__Work request__
Line by line, output the data that follows exactly as written.

Start of Supplied material

(* Let $0\le\lambda<\gamma\le\delta$ and let $\mathfrak{f}=\mathfrak{s}+\overline{\mathfrak{t}}\in\mathcal{R}_H^0(\gamma,\delta,\lambda)$ with $\mathfrak{t}(z)=\sum_{m\ge2}b_mz^m$. Then for every $m\ge2$, $$|b_m|\le\frac{2(\gamma-\lambda)}{m^2[2\gamma+(\delta-\gamma)(m-1)]}.$$ The result is sharp: equality holds for the function $\mathfrak{f}(z)=z+\frac{2(\gamma-\lambda)}{m^2[2\gamma+(\delta-\gamma)(m-1)]}\bar z^m$.
   Context: Let $\mathcal{U}=\{z\in\mathbb{C}:|z|<1\}$. $\mathcal{H}^0$ denotes the class of complex-valued harmonic functions $\mathfrak{f}=\mathfrak{s}+\overline{\mathfrak{t}}$ on $\mathcal{U}$, where $\mathfrak{s}(z)=z+\sum_{m\ge2}a_mz^m$ and $\mathfrak{t}(z)=\sum_{m\ge2}b_mz^m$ are analytic in $\mathcal{U}$. For real $0\le\lambda<\gamma\le\delta$, $\mathcal{R}_H^0(\gamma,\delta,\lambda)$ is the class of $\mathfrak{f}=\mathfrak{s}+\overline{\mathfrak{t}}\in\mathcal{H}^0$ such that for all $z\in\mathcal{U}$, $\mathrm{Re}\left[\gamma\mathfrak{s}'(z)+\delta z\mathfrak{s}''(z)+\frac{\delta-\gamma}{2}z^2\mathfrak{s}'''(z)-\lambda\right]>\left|\gamma\mathfrak{t}'(z)+\delta z\mathfrak{t}''(z)+\frac{\delta-\gamma}{2}z^2\mathfrak{t}'''(z)\right|$. *)

theory Defs
  imports "HOL-Analysis.Analysis"
begin

abbreviation unit_disk :: "complex set" where
  "unit_disk \<equiv> ball 0 1"

definition taylor_coeff :: "(complex \<Rightarrow> complex) \<Rightarrow> nat \<Rightarrow> complex" where
  "taylor_coeff g m = (deriv ^^ m) g 0 / of_nat (fact m)"

text \<open>The class H^0: f = s + conj t with s(z) = z + sum a_m z^m, t(z) = sum_{m>=2} b_m z^m
  analytic on U. A harmonic function is represented by the pair (s, t).\<close>
definition H0 :: "(complex \<Rightarrow> complex) \<Rightarrow> (complex \<Rightarrow> complex) \<Rightarrow> bool" where
  "H0 s t \<longleftrightarrow> s holomorphic_on unit_disk \<and> t holomorphic_on unit_disk \<and>
     s 0 = 0 \<and> deriv s 0 = 1 \<and> t 0 = 0 \<and> deriv t 0 = 0"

End of Supplied material

__Exercise result__
(* Let $0\le\lambda<\gamma\le\delta$ and let $\mathfrak{f}=\mathfrak{s}+\overline{\mathfrak{t}}\in\mathcal{R}_H^0(\gamma,\delta,\lambda)$ with $\mathfrak{t}(z)=\sum_{m\ge2}b_mz^m$. Then for every $m\ge2$, $$|b_m|\le\frac{2(\gamma-\lambda)}{m^2[2\gamma+(\delta-\gamma)(m-1)]}.$$ The result is sharp: equality holds for the function $\mathfrak{f}(z)=z+\frac{2(\gamma-\lambda)}{m^2[2\gamma+(\delta-\gamma)(m-1)]}\bar z^m$.
   Context: Let $\mathcal{U}=\{z\in\mathbb{C}:|z|<1\}$. $\mathcal{H}^0$ denotes the class of complex-valued harmonic functions $\mathfrak{f}=\mathfrak{s}+\overline{\mathfrak{t}}$ on $\mathcal{U}$, where $\mathfrak{s}(z)=z+\sum_{m\ge2}a_mz^m$ and $\mathfrak{t}(z)=\sum_{m\ge2}b_mz^m$ are analytic in $\mathcal{U}$. For real $0\le\lambda<\gamma\le\delta$, $\mathcal{R}_H^0(\gamma,\delta,\lambda)$ is the class of $\mathfrak{f}=\mathfrak{s}+\overline{\mathfrak{t}}\in\mathcal{H}^0$ such that for all $z\in\mathcal{U}$, $\mathrm{Re}\left[\gamma\mathfrak{s}'(z)+\delta z\mathfrak{s}''(z)+\frac{\delta-\gamma}{2}z^2\mathfrak{s}'''(z)-\lambda\right]>\left|\gamma\mathfrak{t}'(z)+\delta z\mathfrak{t}''(z)+\frac{\delta-\gamma}{2}z^2\mathfrak{t}'''(z)\right|$. *)

theory Defs
  imports "HOL-Analysis.Analysis"
begin

abbreviation unit_disk :: "complex set" where
  "unit_disk \<equiv> ball 0 1"

definition taylor_coeff :: "(complex \<Rightarrow> complex) \<Rightarrow> nat \<Rightarrow> complex" where
  "taylor_coeff g m = (deriv ^^ m) g 0 / of_nat (fact m)"

text \<open>The class H^0: f = s + conj t with s(z) = z + sum a_m z^m, t(z) = sum_{m>=2} b_m z^m
  analytic on U. A harmonic function is represented by the pair (s, t).\<close>
definition H0 :: "(complex \<Rightarrow> complex) \<Rightarrow> (complex \<Rightarrow> complex) \<Rightarrow> bool" where
  "H0 s t \<longleftrightarrow> s holomorphic_on unit_disk \<and> t holomorphic_on unit_disk \<and>
     s 0 = 0 \<and> deriv s 0 = 1 \<and> t 0 = 0 \<and> deriv t 0 = 0"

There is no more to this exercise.